Stepping Out: The Very Best of Joe Jackson is a compilation album from the English musician Joe Jackson. The songs, arranged in chronological order, are taken from nine of his first twelve albums, all of which were released on the A&M Records label. Stepping Out: The Very Best of Joe Jackson reached No. 7 in the UK Albums Chart in October 1990. By this time Jackson had parted company with A&M, with his next few releases being on the Virgin Records label.

In his book, The Great Rock Discography, music historian Martin C. Strong awards the album 8 out of 10.

Track listing 

The LP release did not include the songs "Beat Crazy" and "Home Town". The Australian LP/CD/tape release omitted "Fools in Love" and inserted "Real Men" in its place, as that had been a #6 hit in Australia in 1982.
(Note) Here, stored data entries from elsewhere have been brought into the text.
definition madj :: "nat \<Rightarrow> qmat \<Rightarrow> qmat" where
  "madj n A = (\<lambda>i j. if i \<le> n \<and> j \<le> n then qcnj (A j i) else 0)"

definition mdiff :: "qmat \<Rightarrow> qmat \<Rightarrow> qmat" where
  "mdiff A B = (\<lambda>i j. A i j - B i j)"

definition mnorm :: "nat \<Rightarrow> qmat \<Rightarrow> real" where
  "mnorm n A = sqrt (\<Sum>i\<le>n. \<Sum>j\<le>n. (qnorm (A i j))^2)"

definition minv :: "nat \<Rightarrow> qmat \<Rightarrow> qmat" where
  "minv n A = (THE B. is_mat n B \<and> mmul n B A = mid n \<and> mmul n A B = mid n)"

definition Jform :: "nat \<Rightarrow> qmat" where
  "Jform n = (\<lambda>i j. if i = j \<and> i < n then 1 else if i = n \<and> j = n then - 1 else 0)"

definition Sp :: "nat \<Rightarrow> qmat set" where
  "Sp n = {g. is_mat n g \<and> mmul n (mmul n (madj n g) (Jform n)) g = Jform n}"

text \<open>K = Sp(n) x Sp(1): block diagonal elements of Sp(n,1).\<close>
definition Kgrp :: "nat \<Rightarrow> qmat set" where
  "Kgrp n = {g \<in> Sp n. \<forall>i<n. g i n = 0 \<and> g n i = 0}"

text \<open>exp(tH) for H with entries H_{1,n+1} = H_{n+1,1} = 1 (here indices 0 and n),
  written out explicitly.\<close>
definition expH :: "nat \<Rightarrow> real \<Rightarrow> qmat" where
  "expH n t = (\<lambda>i j.
      if (i = 0 \<and> j = 0) \<or> (i = n \<and> j = n) then qreal (cosh t)
      else if (i = 0 \<and> j = n) \<or> (i = n \<and> j = 0) then qreal (sinh t)
      else if i = j \<and> i < n then 1 else 0)"

text \<open>N: the nilpotent subgroup of the Iwasawa decomposition G = KAN, namely the
  horospherical (contraction) subgroup {m | exp(-tH) m exp(tH) -> 1 as t -> +infinity},
  i.e. exp of the sum of the root spaces with positive roots on H.\<close>
definition Ngrp :: "nat \<Rightarrow> qmat set" where
  "Ngrp n = {m \<in> Sp n.
     ((\<lambda>t. mnorm n (mdiff (mmul n (mmul n (expH n (- t)) m) (expH n t)) (mid n))) \<longlongrightarrow> 0) at_top}"

definition iwasawa :: "nat \<Rightarrow> qmat \<Rightarrow> real" where
  "iwasawa n x = (THE s. \<exists>\<kappa>\<in>Kgrp n. \<exists>m\<in>Ngrp n. x = mmul n (mmul n \<kappa> (expH n s)) m)"

definition cartan :: "nat \<Rightarrow> qmat \<Rightarrow> real" where
  "cartan n x = (THE t. 0 \<le> t \<and> (\<exists>k1\<in>Kgrp n. \<exists>k2\<in>Kgrp n. x = mmul n (mmul n k1 (expH n t)) k2))"

text \<open>Vectors of H^n: functions nat => quat, coordinates 0..n-1.\<close>
definition vnorm :: "nat \<Rightarrow> (nat \<Rightarrow> quat) \<Rightarrow> real" where
  "vnorm n x = sqrt (\<Sum>i<n. (qnorm (x i))^2)"

definition act :: "nat \<Rightarrow> qmat \<Rightarrow> (nat \<Rightarrow> quat) \<Rightarrow> (nat \<Rightarrow> quat)" where
  "act n g x = (\<lambda>i. if i < n then
      ((\<Sum>j<n. g i j * x j) + g i n) * inverse ((\<Sum>j<n. g n j * x j) + g n n)
    else 0)"

end

(* Only the last row of x = g^-1 k exp(tH) matters. For x in Sp(n,1) one has
   cosh A+(x) = |x_nn|, since K fixes the last basis vector up to a unit, and
   exp H(x) = |x_n0 + x_nn|, since N fixes the isotropic vector e_0 + e_n, which exp(sH) scales
   by e^s. The last row of g^-1 k has entries b (column 0) and d (column n) with
   |d| = D = |g_nn|, |b| <= B = (sum_l |g_ln|^2)^(1/2) and D^2 = 1 + B^2, so
   2 x_nn = (b + d) e^t + (d - b) e^-t and x_n0 + x_nn = (b + d) e^t. The triangle and
   Cauchy-Schwarz inequalities squeeze 2 cosh A+(x) between e^t P + e^-t / P and e^t P + e^-t Q,
   where P = |b + d| >= D - B and Q = |d - b| <= D + B. Hence
   0 <= A+(x) - H(x) <= log (1 + e^-2t Q / P) <= e^-2t (D + B) / (D - B), and |g.0| = B / D. *)

theory Submission
  imports Defs "Jordan_Normal_Form.Determinant" "HOL-Library.Function_Algebras"
begin

lemma sum_atMost_eq_lessThan_plus: "(\<Sum>k\<le>n. f k) = (\<Sum>k<n. f k) + f n" for n :: nat
  by (metis lessThan_Suc_atMost sum.lessThan_Suc)

lemma sum_atMost_two_terms:
  fixes n :: nat
  assumes "0 < n" and "\<And>k. k \<le> n \<Longrightarrow> k \<noteq> 0 \<Longrightarrow> k \<noteq> n \<Longrightarrow> f k = 0"
  shows "(\<Sum>k\<le>n. f k) = f 0 + f n"
proof -
  have "(\<Sum>k\<le>n. f k) = (\<Sum>k\<in>{0, n}. f k)"
    using assms by (intro sum.mono_neutral_right) auto
  then show ?thesis
    using assms by simp
qed

lemma sum_rotate3: "(\<Sum>k\<in>A. \<Sum>m\<in>B. \<Sum>l\<in>C. F k l m) = (\<Sum>l\<in>C. \<Sum>m\<in>B. \<Sum>k\<in>A. F k l m)"
proof -
  have "(\<Sum>k\<in>A. \<Sum>m\<in>B. \<Sum>l\<in>C. F k l m) = (\<Sum>m\<in>B. \<Sum>k\<in>A. \<Sum>l\<in>C. F k l m)"
    by (rule sum.swap)
  also have "\<dots> = (\<Sum>m\<in>B. \<Sum>l\<in>C. \<Sum>k\<in>A. F k l m)"
    by (rule sum.cong[OF refl], rule sum.swap)
  also have "\<dots> = (\<Sum>l\<in>C. \<Sum>m\<in>B. \<Sum>k\<in>A. F k l m)"
    by (rule sum.swap)
  finally show ?thesis .
qed

lemma sum_power2_norm_eq_0_iff:
  fixes f :: "'a \<Rightarrow> 'b::real_normed_vector"
  assumes "finite A"
  shows "(\<Sum>k\<in>A. (norm (f k))^2) = 0 \<longleftrightarrow> (\<forall>k\<in>A. f k = 0)"
  using assms by (simp add: sum_nonneg_eq_0_iff)

lemma sum_power2_le_power2_sum:
  fixes f :: "'a \<Rightarrow> real"
  assumes "finite A" "\<And>a. a \<in> A \<Longrightarrow> 0 \<le> f a"
  shows "(\<Sum>a\<in>A. (f a)^2) \<le> (\<Sum>a\<in>A. f a)^2"
  using assms
proof (induction A rule: finite_induct)
  case (insert x F)
  then have "0 \<le> 2 * f x * sum f F"
    by (simp add: sum_nonneg)
  then show ?case
    using insert by (simp add: power2_sum)
qed simp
Production and songwriting credits
Based on the track numbering from the CD version of the album, the songs were produced by: tracks 1, 2, 3 and 4 by David Kershenbaum; tracks 7, 8, 9, 10, 11, 12 and 13 by Joe Jackson and David Kershenbaum; tracks 5, 6, 14 and 15 by Joe Jackson.

All tracks were written by Joe Jackson, except for "Jumpin' Jive", penned in 1939 by Cab Calloway, Frank Froeba and Jack Palmer.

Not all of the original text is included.